Monday, July 28, 2014

Egg Rolls


 Egg Rolls 



Here's what I did:
I chopped three small chicken breasts and marinated them with soy sauce, sprinkled some ginger and a tablespoon of garlic for 30 minutes.
I browned the chicken in some olive oil then added 1/2 package of mushrooms and 1/2 package of shredded carrots to the pan. I let them cook for 3-5 minutes. I then added 1/2 package of coleslaw mix and a few green onions and let them cook for another few minutes.I added a little more soy sauce then  put the mixture on about 15  egg roll wrappers, wrapped those babies up like an envelope and cooked them at 400 degrees for 10 minutes.I bet there's plenty of better recipes out there but this is just what I came up with :) I served it with a salad and then ate 3 brownies afterwards.
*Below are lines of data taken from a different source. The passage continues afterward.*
definition grid_adj :: "pt \<Rightarrow> pt \<Rightarrow> bool" where
  "grid_adj p q = (case p of (x1, y1, z1) \<Rightarrow> case q of (x2, y2, z2) \<Rightarrow>
      (\<bar>x1 - x2\<bar> = 1 \<and> y1 = y2 \<and> z1 = z2) \<or>
      (x1 = x2 \<and> \<bar>y1 - y2\<bar> = 1 \<and> z1 = z2) \<or>
      (x1 = x2 \<and> y1 = y2 \<and> \<bar>z1 - z2\<bar> = 1))"

definition in_grid :: "int \<Rightarrow> int \<Rightarrow> int \<Rightarrow> pt \<Rightarrow> bool" where
  "in_grid k1 k2 k3 p = (case p of (x, y, z) \<Rightarrow>
      0 \<le> x \<and> x \<le> k1 \<and> 0 \<le> y \<and> y \<le> k2 \<and> 0 \<le> z \<and> z \<le> k3)"

definition in_box :: "(nat \<Rightarrow> int) \<Rightarrow> (nat \<Rightarrow> int) \<Rightarrow> (nat \<Rightarrow> int) \<Rightarrow> (nat \<Rightarrow> int) \<Rightarrow>
    (nat \<Rightarrow> int) \<Rightarrow> (nat \<Rightarrow> int) \<Rightarrow> nat \<Rightarrow> pt \<Rightarrow> bool" where
  "in_box a1 a2 b1 b2 c1 c2 i p = (case p of (x, y, z) \<Rightarrow>
      a1 i \<le> x \<and> x \<le> a2 i \<and> b1 i \<le> y \<and> y \<le> b2 i \<and> c1 i \<le> z \<and> z \<le> c2 i)"

definition real_box :: "(nat \<Rightarrow> int) \<Rightarrow> (nat \<Rightarrow> int) \<Rightarrow> (nat \<Rightarrow> int) \<Rightarrow> (nat \<Rightarrow> int) \<Rightarrow>
    (nat \<Rightarrow> int) \<Rightarrow> (nat \<Rightarrow> int) \<Rightarrow> nat \<Rightarrow> (real \<times> real \<times> real) set" where
  "real_box a1 a2 b1 b2 c1 c2 i = {(x, y, z).
      of_int (a1 i) \<le> x \<and> x \<le> of_int (a2 i) \<and>
      of_int (b1 i) \<le> y \<and> y \<le> of_int (b2 i) \<and>
      of_int (c1 i) \<le> z \<and> z \<le> of_int (c2 i)}"

text \<open>Vertices of G-tilde: (u, 0) stands for u \<in> V(G), and (u, i) with 1 \<le> i \<le> m
  for the copy (u,i) of u \<in> V(G_i).\<close>
definition Gt_adj :: "int \<Rightarrow> int \<Rightarrow> int \<Rightarrow> nat \<Rightarrow> (nat \<Rightarrow> int) \<Rightarrow> (nat \<Rightarrow> int) \<Rightarrow>
    (nat \<Rightarrow> int) \<Rightarrow> (nat \<Rightarrow> int) \<Rightarrow> (nat \<Rightarrow> int) \<Rightarrow> (nat \<Rightarrow> int) \<Rightarrow>
    pt \<times> nat \<Rightarrow> pt \<times> nat \<Rightarrow> bool" where
  "Gt_adj k1 k2 k3 m a1 a2 b1 b2 c1 c2 v w = (case v of (p, i) \<Rightarrow> case w of (q, j) \<Rightarrow>
      (i = 0 \<and> j = 0 \<and> in_grid k1 k2 k3 p \<and> in_grid k1 k2 k3 q \<and> grid_adj p q) \<or>
      (1 \<le> i \<and> i \<le> m \<and> j = i \<and> in_box a1 a2 b1 b2 c1 c2 i p \<and>
         in_box a1 a2 b1 b2 c1 c2 i q \<and> grid_adj p q) \<or>
      (p = q \<and> i = 0 \<and> 1 \<le> j \<and> j \<le> m \<and> in_box a1 a2 b1 b2 c1 c2 j p) \<or>
      (p = q \<and> j = 0 \<and> 1 \<le> i \<and> i \<le> m \<and> in_box a1 a2 b1 b2 c1 c2 i p))"

end

theory Submission
  imports Defs
begin
lemma ghost_distributive_preimage:
  assumes f: "tangible_transmission W V f"
    and inj: "inj_on f (gh W)"
    and W: "supertropical_monoid W" and V: "supertropical_monoid V"
    and D: "ghost_distributive V"
  shows "ghost_distributive W"
  unfolding ghost_distributive_def
proof (intro ballI impI)
  interpret W: st_monoid W by (rule st_monoid.intro) fact
  interpret V: st_monoid V by (rule st_monoid.intro) fact
  have ft: "transmission W V f" and tangible: "f ` tang W \<subseteq> tang V \<union> {szero V}"
    using f unfolding tangible_transmission_def by blast+
  have fcar: "f x \<in> stcar V" if "x \<in> stcar W" for x
    using ft that unfolding transmission_def by blast
  have fmul: "f (smul W x y) = smul V (f x) (f y)" if "x \<in> stcar W" "y \<in> stcar W" for x y
    using ft that unfolding transmission_def by blast
  have fghost: "f (W.ghost x) = V.ghost (f x)" if "x \<in> stcar W" for x
    using transmission_ghost[OF ft W that] .
  have mono: "sle V (f a) (f b)" if "a \<in> gh W" "b \<in> gh W" "sle W a b" for a b
    using ft that unfolding transmission_def by blast
  fix x y z assume x: "x \<in> stcar W" and y: "y \<in> stcar W" and z: "z \<in> stcar W"
    and lt: "slt W (W.ghost y) (W.ghost z)"
    and eq: "W.ghost (smul W x y) = W.ghost (smul W x z)"
  let ?xz = "smul W x z"
  have xz: "?xz \<in> stcar W"
    using W.smul_closed[OF x z] .
  have "slt V (f (W.ghost y)) (f (W.ghost z))"
    using lt mono[OF W.ghost_in_gh[OF y] W.ghost_in_gh[OF z]]
      inj_onD[OF inj _ W.ghost_in_gh[OF y] W.ghost_in_gh[OF z]]
    unfolding slt_def by blast
  then have "slt V (V.ghost (f y)) (V.ghost (f z))"
    using fghost y z by simp
  moreover have "V.ghost (smul V (f x) (f y)) = V.ghost (smul V (f x) (f z))"
    using eq fghost[OF W.smul_closed[OF x y]] fghost[OF xz] fmul[OF x y] fmul[OF x z] by simp
  ultimately have "smul V (f x) (f z) \<in> gh V"
    using D fcar[OF x] fcar[OF y] fcar[OF z] unfolding ghost_distributive_def by blast
  then have fxz_gh: "f ?xz \<in> gh V"
    using fmul[OF x z] by simp
  show "?xz \<in> gh W"
  proof (rule ccontr)
    assume nongh: "?xz \<notin> gh W"
    have "f ?xz \<noteq> szero V"
    proof
      assume "f ?xz = szero V"
      then have "f (W.ghost ?xz) = f (szero W)"
        using fghost[OF xz] V.ghost_szero ft unfolding transmission_def by simp
      then have "W.ghost ?xz = szero W"
        using inj_onD[OF inj _ W.ghost_in_gh[OF xz] W.szero_in_gh] by blast
      then show False
        using nongh W.ghost_eq_szeroD[OF xz] W.szero_in_gh by simp
    qed
    moreover have "f ?xz \<in> tang V \<union> {szero V}"
      using tangible nongh xz unfolding tang_def by blast
    ultimately show False
      using fxz_gh unfolding tang_def by blast
  qed
qed
theorem theorem1p3:
  fixes p d :: nat and g :: "(nat \<Rightarrow> int) \<Rightarrow> complex" and A B E :: "(nat \<Rightarrow> int) set"
  assumes "prime p" and "d \<ge> 1"
    and "A \<subseteq> zp_vecs p d" and "B \<subseteq> zp_vecs p d"
    and "(\<Sum>x\<in>zp_vecs p d. (cmod (g x))\<^sup>2) = 1"
    and "E = {x \<in> zp_vecs p d. g x \<noteq> 0}"
    and "card E = card B"
  shows "is_onb (zp_vecs p d) (A \<times> B) (\<lambda>(a, b). gabor_atom p d g a b) \<longleftrightarrow>
           (\<forall>x\<in>zp_vecs p d. cmod (g x) = (if x \<in> E then 1 / sqrt (real (card E)) else 0))
           \<and> spectral_pair p d E B
           \<and> tiling_pair p d E A"
proof -
  have p: "p > 0" using assms(1) by (rule prime_gt_0_nat)
  have card_E: "card E > 0" by (rule card_support_gt_0[OF finite_zp_vecs assms(5,6)])
  let ?onb = "is_onb (zp_vecs p d) (A \<times> B) (\<lambda>(a, b). gabor_atom p d g a b)"
  let ?flat = "\<forall>x\<in>E. (cmod (g x))\<^sup>2 = 1 / real (card E)"
  have "real (card E) > 0" using card_E by simp
  note flat_iff = norm_eq_scaled_indicator_iff[OF assms(6) this]
  show ?thesis
    unfolding flat_iff
  proof
    assume onb: ?onb
    have tile: "tiling_pair p d E A"
      by (rule gabor_onb_imp_tiling_pair[OF p assms(3-7) onb])
    have flat: ?flat
      by (rule gabor_onb_imp_flat_modulus[OF p assms(3,4,6,7) onb tile])
    show "?flat \<and> spectral_pair p d E B \<and> tiling_pair p d E A"
      using gabor_onb_imp_spectral_pair[OF p assms(3,6) card_E flat onb tile] flat tile by blast
  next
    assume "?flat \<and> spectral_pair p d E B \<and> tiling_pair p d E A"
    then show ?onb
      using gabor_onb_if_tiling_spectral[OF p assms(3,6) card_E] by blast
  qed
qed

end
(* Let $G$ be an undirected graph and let $W$ be any walk in $G$. Then there exists a walk in $G$ that traverses exactly the same set of edges as $W$ and traverses each of these edges at most twice.
   Context: A walk is a sequence of vertices $v_0,\dots,v_t$ with consecutive vertices adjacent; it traverses the edges $\{v_{j-1},v_j\}$. *)

theory Defs
  imports Main
begin

definition undirected_graph :: "('a \<Rightarrow> 'a \<Rightarrow> bool) \<Rightarrow> bool" where
  "undirected_graph E \<longleftrightarrow> (\<forall>u v. E u v \<longrightarrow> E v u) \<and> (\<forall>v. \<not> E v v)"

definition is_walk :: "('a \<Rightarrow> 'a \<Rightarrow> bool) \<Rightarrow> 'a list \<Rightarrow> bool" where
  "is_walk E W \<longleftrightarrow> W \<noteq> [] \<and> (\<forall>j. Suc j < length W \<longrightarrow> E (W ! j) (W ! Suc j))"

definition walk_edges :: "'a list \<Rightarrow> 'a set set" where
  "walk_edges W = {{W ! j, W ! Suc j} | j. Suc j < length W}"

definition traversals :: "'a list \<Rightarrow> 'a set \<Rightarrow> nat" where
  "traversals W e = card {j. Suc j < length W \<and> {W ! j, W ! Suc j} = e}"

end

theory Submission
  imports Defs
begin

text \<open>Induction on the walk, maintaining a closed walk C that starts and ends at the
current endpoint u, has exactly the edges seen so far and uses each at most twice. When
the walk steps along an edge {u, v} that C does not use yet, go from v around C back to
v: the new edge is used exactly twice. Otherwise v lies on C, and rotating C to start and
end at v changes neither its multiset of edges nor the walk property.\<close>

fun edge_list :: "'a list \<Rightarrow> 'a set list" where
  "edge_list (u # v # vs) = {u, v} # edge_list (v # vs)"
| "edge_list _ = []"

lemma length_edge_list [simp]: "length (edge_list vs) = length vs - 1"
  by (induction vs rule: edge_list.induct) auto

lemma nth_edge_list [simp]: "Suc j < length vs \<Longrightarrow> edge_list vs ! j = {vs ! j, vs ! Suc j}"
  by (induction vs arbitrary: j rule: edge_list.induct) (auto simp: nth_Cons split: nat.split)

lemma successively_iff_nth:
  "successively P xs \<longleftrightarrow> (\<forall>j. Suc j < length xs \<longrightarrow> P (xs ! j) (xs ! Suc j))"
  by (induction P xs rule: successively.induct) (auto simp: nth_Cons split: nat.split)

lemma walk_edges_eq_set_edge_list: "walk_edges W = set (edge_list W)"
  unfolding walk_edges_def set_conv_nth by (auto simp: less_diff_conv) (metis nth_edge_list)

lemma traversals_eq_count_list: "traversals W e = count_list (edge_list W) e"
proof -
  have "{j. Suc j < length W \<and> {W ! j, W ! Suc j} = e} =
        {j. j < length (edge_list W) \<and> e = edge_list W ! j}"
    by auto
  then show ?thesis
    by (simp add: traversals_def count_list_eq_length_filter length_filter_conv_card)
qed

lemma is_walk_iff_successively: "is_walk E W \<longleftrightarrow> W \<noteq> [] \<and> successively E W"
  unfolding is_walk_def successively_iff_nth ..

lemma edge_list_split:
  "edge_list (xs @ v # ys) = edge_list (xs @ [v]) @ edge_list (v # ys)"
  by (induction xs rule: edge_list.induct) auto

lemma edge_list_snoc:
  "vs \<noteq> [] \<Longrightarrow> edge_list (vs @ [w]) = edge_list vs @ [{last vs, w}]"
  by (induction vs rule: edge_list.induct) auto

lemma edge_subset_set_if_in_edge_list: "e \<in> set (edge_list vs) \<Longrightarrow> e \<subseteq> set vs"
  by (induction vs rule: edge_list.induct) auto

lemma closed_walk_rotate:
  assumes "last (v # q) = u" and "successively E (u # p @ v # q)"
  shows "successively E (v # q @ p @ [v])"
    and "set (edge_list (v # q @ p @ [v])) = set (edge_list (u # p @ v # q))"
    and "count_list (edge_list (v # q @ p @ [v])) e = count_list (edge_list (u # p @ v # q)) e"
proof -
  obtain q' where q': "v # q = q' @ [u]"
    using assms(1) by (metis append_butlast_last_id list.distinct(1))
  have rot: "v # q @ p @ [v] = q' @ u # p @ [v]"
    using q' by (metis append.assoc append_Cons append_Nil)
  have "successively E ((u # p @ [v]) @ q)"
    using assms(2) by simp
  then have tail: "successively E (u # p @ [v])" and "successively E (v # q)"
    using successively_append_iff[of E "u # p @ [v]" q] successively_Cons[of E v q] by auto
  then have "successively E q'" and "q' = [] \<or> E (last q') u"
    unfolding q' successively_append_iff by auto
  with tail show "successively E (v # q @ p @ [v])"
    unfolding rot successively_append_iff by simp
  have "edge_list (v # q @ p @ [v]) = edge_list (v # q) @ edge_list (u # p @ [v])"
    unfolding rot q' by (rule edge_list_split)
  moreover have "edge_list (u # p @ v # q) = edge_list (u # p @ [v]) @ edge_list (v # q)"
    using edge_list_split[of "u # p" v q] by simp
  ultimately show "set (edge_list (v # q @ p @ [v])) = set (edge_list (u # p @ v # q))"
    and "count_list (edge_list (v # q @ p @ [v])) e = count_list (edge_list (u # p @ v # q)) e"
    by auto
qed

lemma closed_walk_with_same_edges:
  assumes "symp E" and "W \<noteq> []" and "successively E W"
  shows "\<exists>C. C \<noteq> [] \<and> successively E C \<and> hd C = last W \<and> last C = last W \<and>
           set (edge_list C) = set (edge_list W) \<and> (\<forall>e. count_list (edge_list C) e \<le> 2)"
  using assms(2,3)
proof (induction W rule: rev_induct)
  case (snoc v W)
  show ?case
  proof (cases "W = []")
    case True
    then show ?thesis by (intro exI[of _ "[v]"]) simp
  next
    case False
    define u where "u = last W"
    have edges: "edge_list (W @ [v]) = edge_list W @ [{u, v}]"
      using False by (simp add: edge_list_snoc u_def)
    have "successively E W" and "E u v"
      using False snoc.prems(2) by (auto simp: u_def successively_append_iff)
    with False obtain C where C: "C \<noteq> []" "successively E C" "hd C = u" "last C = u"
      "set (edge_list C) = set (edge_list W)" "\<forall>e. count_list (edge_list C) e \<le> 2"
      using snoc.IH u_def by blast
    show ?thesis
    proof (cases "{u, v} \<in> set (edge_list C)")
      case False
      have "edge_list (v # C @ [v]) = {v, u} # edge_list (C @ [v])"
        using C(1,3) by (cases C) auto
      also have "\<dots> = {v, u} # edge_list C @ [{u, v}]"
        using C(1,4) by (simp add: edge_list_snoc)
      finally have "edge_list (v # C @ [v]) = {v, u} # edge_list C @ [{u, v}]" .
      moreover have "{v, u} = {u, v}" by blast
      moreover have "successively E (v # C @ [v])"
        using C(1-4) \<open>E u v\<close> sympD[OF assms(1) \<open>E u v\<close>]
        by (auto simp: successively_append_iff successively_Cons)
      ultimately show ?thesis
        using C False edges by (intro exI[of _ "v # C @ [v]"]) auto
    next
      case True
      then have "v \<in> set C" using edge_subset_set_if_in_edge_list by blast
      then obtain p q where split: "C = p @ v # q" by (meson split_list)
      show ?thesis
      proof (cases p)
        case Nil
        then show ?thesis using C True edges split by (intro exI[of _ C]) auto
      next
        case (Cons u' p')
        then have "C = u # p' @ v # q" and "last (v # q) = u"
          using C(3,4) split by auto
        then show ?thesis
          using C True edges closed_walk_rotate[of v q u E p']
          by (intro exI[of _ "v # q @ p' @ [v]"]) auto
      qed
    qed
  qed
qed simp

theorem lemma3:
  fixes E :: "'a \<Rightarrow> 'a \<Rightarrow> bool" and W :: "'a list"
  assumes "undirected_graph E" and "is_walk E W"
  shows "\<exists>W'. is_walk E W' \<and> walk_edges W' = walk_edges W \<and>
           (\<forall>e \<in> walk_edges W'. traversals W' e \<le> 2)"
proof -
  have "symp E"
    using assms(1) unfolding undirected_graph_def by (blast intro: sympI)
  moreover have "W \<noteq> []" and "successively E W"
    using assms(2) by (simp_all add: is_walk_iff_successively)
  ultimately obtain C where "C \<noteq> []" "successively E C" "set (edge_list C) = set (edge_list W)"
    "\<forall>e. count_list (edge_list C) e \<le> 2"
    using closed_walk_with_same_edges by blast
  then show ?thesis
    by (intro exI[of _ C])
      (simp add: is_walk_iff_successively walk_edges_eq_set_edge_list traversals_eq_count_list)
qed

end
theorem theorem2:
  fixes f :: "('n::finite) vec \<Rightarrow> real" and g :: "'n vec \<Rightarrow> 'n vec"
    and s x0 xstar :: "'n vec"
    and D :: "'n mat measure"
    and M :: "'w measure" and S :: "nat \<Rightarrow> 'w \<Rightarrow> 'n mat"
    and Lf muf \<gamma> :: real and T :: nat
  assumes smooth: "L_smooth Lf f g"
    and sconv: "strongly_convex muf f g"
    and D_prob: "prob_space D" and D_sets: "sets D = sets borel"
    and ES_int: "integrable D (\<lambda>S. S)" and ES: "(\<integral>S. S \<partial>D) = mat 1"
    and ESS_int: "integrable D (\<lambda>S. transpose S ** S)"
    and Lmax_fin: "\<exists>L. AE S in D. lambda_max (transpose S ** S) \<le> L"
    and xstar_min: "\<forall>x. f_tilde D f s xstar \<le> f_tilde D f s x"
    and gamma_pos: "0 < \<gamma>" and gamma_le: "\<gamma> \<le> 1 / (Lf * L_S_max D)"
    and M_prob: "prob_space M"
    and S_rv: "\<And>t. S t \<in> borel_measurable M"
    and S_indep: "prob_space.indep_vars M (\<lambda>_. borel) S UNIV"
    and S_distr: "\<And>t. distr M borel (S t) = D"
  shows "(\<integral>\<^sup>+\<omega>. ennreal ((norm (dsgd g \<gamma> s x0 (\<lambda>t. S t \<omega>) T - xstar))\<^sup>2) \<partial>M)
     \<le> ennreal ((1 - \<gamma> * mu_D D * muf) ^ T * (norm (x0 - xstar))\<^sup>2
          + 2 * \<gamma> * Lf * L_S_max D / (muf * mu_D D)
            * (Inf (range (f_tilde D f s)) - Inf (range f)))"
proof -
  interpret dsgd_setting D Lf muf f g
    using D_prob D_sets ES_int ES ESS_int Lmax_fin smooth sconv
    by (simp add: dsgd_setting_def sketch_distribution_def sketch_distribution_axioms_def
        smooth_strongly_convex_def)
  define \<rho> where "\<rho> = 1 - \<gamma> * mu_D D * muf"
  define C where "C = 2 * \<gamma>^2 * Lf * L_S_max D * (f_tilde D f s xstar - Inf (range f))"
  have \<gamma>: "\<gamma> * Lf * L_S_max D \<le> 1"
    using gamma_le Lf_pos L_S_max_pos by (simp add: field_simps)
  have \<rho>: "0 \<le> \<rho>" "\<rho> < 1"
    unfolding \<rho>_def using contraction_factor_nonneg[OF gamma_pos \<gamma>] gamma_pos mu_D_ge_1 muf_pos by auto
  have "(\<integral>\<^sup>+\<omega>. ennreal ((norm (dsgd g \<gamma> s x0 (\<lambda>t. S t \<omega>) T - xstar))\<^sup>2) \<partial>M)
      \<le> ennreal (\<rho> ^ T * (norm (x0 - xstar))\<^sup>2 + C / (1 - \<rho>))"
    using expected_dsgd_recursion[OF M_prob S_rv S_indep S_distr gamma_pos \<gamma> xstar_min]
      Inf_le_f_tilde[of s xstar] Lf_pos L_S_max_pos \<rho>
    unfolding \<rho>_def C_def
    by (intro ennreal_affine_recursion_le) (simp_all add: prob_space.emeasure_space_1[OF M_prob])
  also have "C / (1 - \<rho>) = 2 * \<gamma> * Lf * L_S_max D / (muf * mu_D D)
      * (Inf (range (f_tilde D f s)) - Inf (range f))"
  proof -
    have "Inf (range (f_tilde D f s)) = f_tilde D f s xstar"
      by (rule cInf_eq_minimum) (use xstar_min in auto)
    then show ?thesis
      unfolding C_def \<rho>_def using gamma_pos mu_D_ge_1 muf_pos by (simp add: field_simps power2_eq_square)
  qed
  finally show ?thesis unfolding \<rho>_def .
qed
Win.

Monday, July 21, 2014

Homemade Oatmeal Cream Pies

 Ladies and Gentlemen (Minus the gentlemen part), I baked something and I didn't screw it up so I think it's safe to say it's fool proof. Do they taste exactly like Little Debbie's Oatmeal Cream Pies? No, but they are sorta better. Better as in they don't have a taste of processed chemical shiz. I obviously don't mind that taste too much since I eat the Little Debbie's version on occasion. Anyway, I cooked mine for ten minutes and that seemed to be a tiny bit too long for my oven. Here they are...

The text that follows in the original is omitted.